lemma sum_bgw_prob_le_1:
  assumes "0 \<le> p" "p \<le> 1"
  shows "sum (bgw_prob p) F \<le> 1"
proof (cases "finite F")
  case True
  moreover have "F \<subseteq> {t. n_vert t \<le> Max (n_vert ` F)}"
    using True by auto
  then obtain n where "F \<subseteq> {t. n_vert t \<le> n}"
    by blast
  ultimately show ?thesis
  proof (induction n arbitrary: F)
    case 0
    have "t \<notin> F" for t
      using "0.prems"(2) n_vert_pos[of t] by auto
    then have "F = {}" by blast
    then show ?case by simp
  next
    case (Suc n)
    define K where "K = \<Union> (children ` F)"
    have K: "finite K" "K \<subseteq> {t. n_vert t \<le> n}"
      using Suc.prems n_vert_children_less unfolding K_def by (force simp: finite_children)+
    have "F \<subseteq> insert Leaf (node_set True K K \<union> node_set False K K)"
    proof
      fix t assume "t \<in> F"
      then have "children t \<subseteq> K"
        unfolding K_def by blast
      then show "t \<in> insert Leaf (node_set True K K \<union> node_set False K K)"
        by (cases t) auto
    qed
    then have "sum (bgw_prob p) F \<le> sum (bgw_prob p) (insert Leaf (node_set True K K \<union> node_set False K K))"
      using K assms by (intro sum_mono2) (auto simp: finite_node_set bgw_prob_nonneg)
    also have "\<dots> = 1/2 + (sum (bgw_prob p) (node_set True K K) + sum (bgw_prob p) (node_set False K K))"
      using K by (simp add: sum.union_disjoint node_set_Int finite_node_set)
    also have "\<dots> = 1/2 + (sign_weight p True + sign_weight p False) / 2 * (sum (bgw_prob p) K)\<^sup>2"
      using K by (simp add: sum_node_set power2_eq_square add_divide_distrib distrib_right)
    also have "\<dots> \<le> 1/2 + (sign_weight p True + sign_weight p False) / 2 * 1"
      using Suc.IH[OF K] assms K
      by (intro add_left_mono mult_left_mono power_le_one) (auto simp: sign_weight_def bgw_prob_nonneg sum_nonneg)
    also have "\<dots> = 1" by (simp add: sign_weight_def)
    finally show ?case .
  qed
qed simp

fun plus_comb :: "nat \<Rightarrow> stree" where
  "plus_comb 0 = Leaf"
| "plus_comb (Suc n) = Node True Leaf (plus_comb n)"

lemma Q_eq_lis: "Q p k = infsum (bgw_prob p) {t. k \<le> lis t}"
  by (simp add: Q_def LIS_eq_lis)

lemma q_eq_lis: "q p k = infsum (bgw_prob p) {t. lis t = k}"
  by (simp add: q_def LIS_eq_lis)

context
  fixes p :: real
  assumes p_nonneg: "0 \<le> p" and p_le_1: "p \<le> 1"
begin

lemma summable_on_bgw_prob: "bgw_prob p summable_on A"
proof -
  have "bgw_prob p summable_on UNIV"
    using bgw_prob_nonneg sum_bgw_prob_le_1 p_nonneg p_le_1
    by (intro nonneg_bounded_partial_sums_imp_summable_on[where C=1]) (auto intro: always_eventually)
  then show ?thesis
    by (rule summable_on_subset_banach) simp
qed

*WORK TO BE COMPLETED*
Only the lines above starting at the one containing "using Suc.prems n_vert_children_less" and ending at the one containing "finally show ?case .", both included, are to be returned, exactly as they read.

*ANSWER TO THE PROBLEM*
      using Suc.prems n_vert_children_less unfolding K_def by (force simp: finite_children)+
    have "F \<subseteq> insert Leaf (node_set True K K \<union> node_set False K K)"
    proof
      fix t assume "t \<in> F"
      then have "children t \<subseteq> K"
        unfolding K_def by blast
      then show "t \<in> insert Leaf (node_set True K K \<union> node_set False K K)"
        by (cases t) auto
    qed
    then have "sum (bgw_prob p) F \<le> sum (bgw_prob p) (insert Leaf (node_set True K K \<union> node_set False K K))"
      using K assms by (intro sum_mono2) (auto simp: finite_node_set bgw_prob_nonneg)
    also have "\<dots> = 1/2 + (sum (bgw_prob p) (node_set True K K) + sum (bgw_prob p) (node_set False K K))"
      using K by (simp add: sum.union_disjoint node_set_Int finite_node_set)
    also have "\<dots> = 1/2 + (sign_weight p True + sign_weight p False) / 2 * (sum (bgw_prob p) K)\<^sup>2"
      using K by (simp add: sum_node_set power2_eq_square add_divide_distrib distrib_right)
    also have "\<dots> \<le> 1/2 + (sign_weight p True + sign_weight p False) / 2 * 1"
      using Suc.IH[OF K] assms K
      by (intro add_left_mono mult_left_mono power_le_one) (auto simp: sign_weight_def bgw_prob_nonneg sum_nonneg)
    also have "\<dots> = 1" by (simp add: sign_weight_def)
    finally show ?case .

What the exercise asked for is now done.